- WORK TO COMPLETE: Would you transcribe all of the entries that follow, word for word?

Collection entries:
▬▬▬▬▬▬▬▬▬▬

(* Let $(\xi,Q)$ be an RQSE random overlap structure such that $\overline{S_Q}$ has no limit points from below (for every $q\in\overline{S_Q}$, $\sup\{p\in\overline{S_Q}:p<q\}<q$), and let $\nu$ be a random measure directing $(\xi,Q)$. Then almost surely the support of $\nu$ is countable.
   Context: A random overlap structure (ROSt) is a random pair $(\xi,Q)$ with $\xi=(\xi_1\ge\xi_2\ge\cdots\ge0)$, $\sum\xi_i\le1$, and $Q=(q_{ij})$ a symmetric positive semidefinite $\mathbb{N}\times\mathbb{N}$ matrix with $q_{ii}=1$. $S_Q=\{q_{ij}:i\ne j\}$; $Q^{*r}=(q_{ij}^r)$. For $r\in\mathbb{N}$, $\lambda>0$, the map $\Phi_{r,\lambda}$: conditionally on $(\xi,Q)$ let $(\kappa_i)$ be centered Gaussian with covariance $Q^{*r}$, set $\xi'_i=\xi_ie^{\lambda\kappa_i}/\sum_j\xi_je^{\lambda\kappa_j}$ ($\xi'\equiv0$ if $\xi\equiv0$), let $\pi$ order $\xi'$ non-increasingly (ties by original index), and output $((\xi'_{\pi(i)}),(q_{\pi(i)\pi(j)}))$. The ROSt is RQSE if its law is invariant under all $\Phi_{r,\lambda}$ ($r\in\mathbb{N},\lambda>0$), is ergodic (extremal among laws invariant under these maps), and $S_Q\subseteq(-1,1)$. A random Borel probability measure $\nu$ on a separable Hilbert space $\mathcal{H}$ directs $(\xi,Q)$ if, conditionally on $\nu$, $Q$ has the law of $\big((\phi_i,\phi_j)+\delta_{ij}(1-\|\phi_i\|^2)\big)_{i,j}$ where $(\phi_i)$ is i.i.d. with law $\nu$. *)

theory Defs
  imports "HOL-Probability.Probability"
begin
lemma nn_integral_gamma_rate_level_sets:
  fixes L :: "real \<Rightarrow> real"
  assumes a: "0 < a" and b: "0 < b" and [measurable]: "L \<in> borel_measurable borel"
  shows "(\<integral>\<^sup>+s. ennreal (indicator {0<..} s * (s powr (a - 1) * exp (- (b * s))))
                 * emeasure lborel {\<eta>\<in>{0<..1}. s < L \<eta>} \<partial>lborel)
       = (\<integral>\<^sup>+\<eta>. ennreal (indicator {0<..1} \<eta> * (b powr (- a) * lower_gamma a (b * L \<eta>))) \<partial>lborel)"
proof -
  define W where "W s = indicator {0<..} s * (s powr (a - 1) * exp (- (b * s)))" for s :: real
  define f where "f s \<eta> = ennreal (W s * indicator {0<..1} \<eta> * indicator {z. fst z < L (snd z)} (s, \<eta>))"
    for s \<eta> :: real
  have W_nonneg: "0 \<le> W s" for s
    by (simp add: W_def)
  have "(\<integral>\<^sup>+s. ennreal (W s) * emeasure lborel {\<eta>\<in>{0<..1}. s < L \<eta>} \<partial>lborel)
      = (\<integral>\<^sup>+s. (\<integral>\<^sup>+\<eta>. f s \<eta> \<partial>lborel) \<partial>lborel)"
  proof (intro nn_integral_cong)
    fix s :: real
    have "f s = (\<lambda>\<eta>. ennreal (W s) * indicator {\<eta>\<in>{0<..1}. s < L \<eta>} \<eta>)"
      by (auto simp: fun_eq_iff f_def indicator_def W_nonneg)
    then show "ennreal (W s) * emeasure lborel {\<eta>\<in>{0<..1}. s < L \<eta>} = (\<integral>\<^sup>+\<eta>. f s \<eta> \<partial>lborel)"
      by (simp add: nn_integral_cmult)
  qed
  also have "\<dots> = (\<integral>\<^sup>+\<eta>. (\<integral>\<^sup>+s. f s \<eta> \<partial>lborel) \<partial>lborel)"
    by (rule lborel_pair.Fubini') (unfold f_def W_def case_prod_beta, measurable)
  also have "\<dots> = (\<integral>\<^sup>+\<eta>. ennreal (indicator {0<..1} \<eta> * (b powr (- a) * lower_gamma a (b * L \<eta>))) \<partial>lborel)"
  proof (rule nn_integral_cong)
    fix \<eta> :: real
    have "f s \<eta> = ennreal (indicator {0<..1} \<eta>)
                    * ennreal (indicator {0<..<L \<eta>} s * (s powr (a - 1) * exp (- (b * s))))" for s
      by (auto simp: f_def W_def indicator_def)
    then have "(\<integral>\<^sup>+s. f s \<eta> \<partial>lborel)
               = ennreal (indicator {0<..1} \<eta>) * ennreal (b powr (- a) * lower_gamma a (b * L \<eta>))"
      by (simp add: nn_integral_cmult nn_integral_truncated_gamma_rate[OF a b])
    then show "(\<integral>\<^sup>+s. f s \<eta> \<partial>lborel) = ennreal (indicator {0<..1} \<eta> * (b powr (- a) * lower_gamma a (b * L \<eta>)))"
      by (simp add: ennreal_mult')
  qed
  finally show ?thesis
    by (simp add: W_def)
qed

▬▬▬▬▬▬▬▬▬▬

- ANSWER TO THIS TASK:
(* Let $(\xi,Q)$ be an RQSE random overlap structure such that $\overline{S_Q}$ has no limit points from below (for every $q\in\overline{S_Q}$, $\sup\{p\in\overline{S_Q}:p<q\}<q$), and let $\nu$ be a random measure directing $(\xi,Q)$. Then almost surely the support of $\nu$ is countable.
   Context: A random overlap structure (ROSt) is a random pair $(\xi,Q)$ with $\xi=(\xi_1\ge\xi_2\ge\cdots\ge0)$, $\sum\xi_i\le1$, and $Q=(q_{ij})$ a symmetric positive semidefinite $\mathbb{N}\times\mathbb{N}$ matrix with $q_{ii}=1$. $S_Q=\{q_{ij}:i\ne j\}$; $Q^{*r}=(q_{ij}^r)$. For $r\in\mathbb{N}$, $\lambda>0$, the map $\Phi_{r,\lambda}$: conditionally on $(\xi,Q)$ let $(\kappa_i)$ be centered Gaussian with covariance $Q^{*r}$, set $\xi'_i=\xi_ie^{\lambda\kappa_i}/\sum_j\xi_je^{\lambda\kappa_j}$ ($\xi'\equiv0$ if $\xi\equiv0$), let $\pi$ order $\xi'$ non-increasingly (ties by original index), and output $((\xi'_{\pi(i)}),(q_{\pi(i)\pi(j)}))$. The ROSt is RQSE if its law is invariant under all $\Phi_{r,\lambda}$ ($r\in\mathbb{N},\lambda>0$), is ergodic (extremal among laws invariant under these maps), and $S_Q\subseteq(-1,1)$. A random Borel probability measure $\nu$ on a separable Hilbert space $\mathcal{H}$ directs $(\xi,Q)$ if, conditionally on $\nu$, $Q$ has the law of $\big((\phi_i,\phi_j)+\delta_{ij}(1-\|\phi_i\|^2)\big)_{i,j}$ where $(\phi_i)$ is i.i.d. with law $\nu$. *)

theory Defs
  imports "HOL-Probability.Probability"
begin
lemma nn_integral_gamma_rate_level_sets:
  fixes L :: "real \<Rightarrow> real"
  assumes a: "0 < a" and b: "0 < b" and [measurable]: "L \<in> borel_measurable borel"
  shows "(\<integral>\<^sup>+s. ennreal (indicator {0<..} s * (s powr (a - 1) * exp (- (b * s))))
                 * emeasure lborel {\<eta>\<in>{0<..1}. s < L \<eta>} \<partial>lborel)
       = (\<integral>\<^sup>+\<eta>. ennreal (indicator {0<..1} \<eta> * (b powr (- a) * lower_gamma a (b * L \<eta>))) \<partial>lborel)"
proof -
  define W where "W s = indicator {0<..} s * (s powr (a - 1) * exp (- (b * s)))" for s :: real
  define f where "f s \<eta> = ennreal (W s * indicator {0<..1} \<eta> * indicator {z. fst z < L (snd z)} (s, \<eta>))"
    for s \<eta> :: real
  have W_nonneg: "0 \<le> W s" for s
    by (simp add: W_def)
  have "(\<integral>\<^sup>+s. ennreal (W s) * emeasure lborel {\<eta>\<in>{0<..1}. s < L \<eta>} \<partial>lborel)
      = (\<integral>\<^sup>+s. (\<integral>\<^sup>+\<eta>. f s \<eta> \<partial>lborel) \<partial>lborel)"
  proof (intro nn_integral_cong)
    fix s :: real
    have "f s = (\<lambda>\<eta>. ennreal (W s) * indicator {\<eta>\<in>{0<..1}. s < L \<eta>} \<eta>)"
      by (auto simp: fun_eq_iff f_def indicator_def W_nonneg)
    then show "ennreal (W s) * emeasure lborel {\<eta>\<in>{0<..1}. s < L \<eta>} = (\<integral>\<^sup>+\<eta>. f s \<eta> \<partial>lborel)"
      by (simp add: nn_integral_cmult)
  qed
  also have "\<dots> = (\<integral>\<^sup>+\<eta>. (\<integral>\<^sup>+s. f s \<eta> \<partial>lborel) \<partial>lborel)"
    by (rule lborel_pair.Fubini') (unfold f_def W_def case_prod_beta, measurable)
  also have "\<dots> = (\<integral>\<^sup>+\<eta>. ennreal (indicator {0<..1} \<eta> * (b powr (- a) * lower_gamma a (b * L \<eta>))) \<partial>lborel)"
  proof (rule nn_integral_cong)
    fix \<eta> :: real
    have "f s \<eta> = ennreal (indicator {0<..1} \<eta>)
                    * ennreal (indicator {0<..<L \<eta>} s * (s powr (a - 1) * exp (- (b * s))))" for s
      by (auto simp: f_def W_def indicator_def)
    then have "(\<integral>\<^sup>+s. f s \<eta> \<partial>lborel)
               = ennreal (indicator {0<..1} \<eta>) * ennreal (b powr (- a) * lower_gamma a (b * L \<eta>))"
      by (simp add: nn_integral_cmult nn_integral_truncated_gamma_rate[OF a b])
    then show "(\<integral>\<^sup>+s. f s \<eta> \<partial>lborel) = ennreal (indicator {0<..1} \<eta> * (b powr (- a) * lower_gamma a (b * L \<eta>)))"
      by (simp add: ennreal_mult')
  qed
  finally show ?thesis
    by (simp add: W_def)
qed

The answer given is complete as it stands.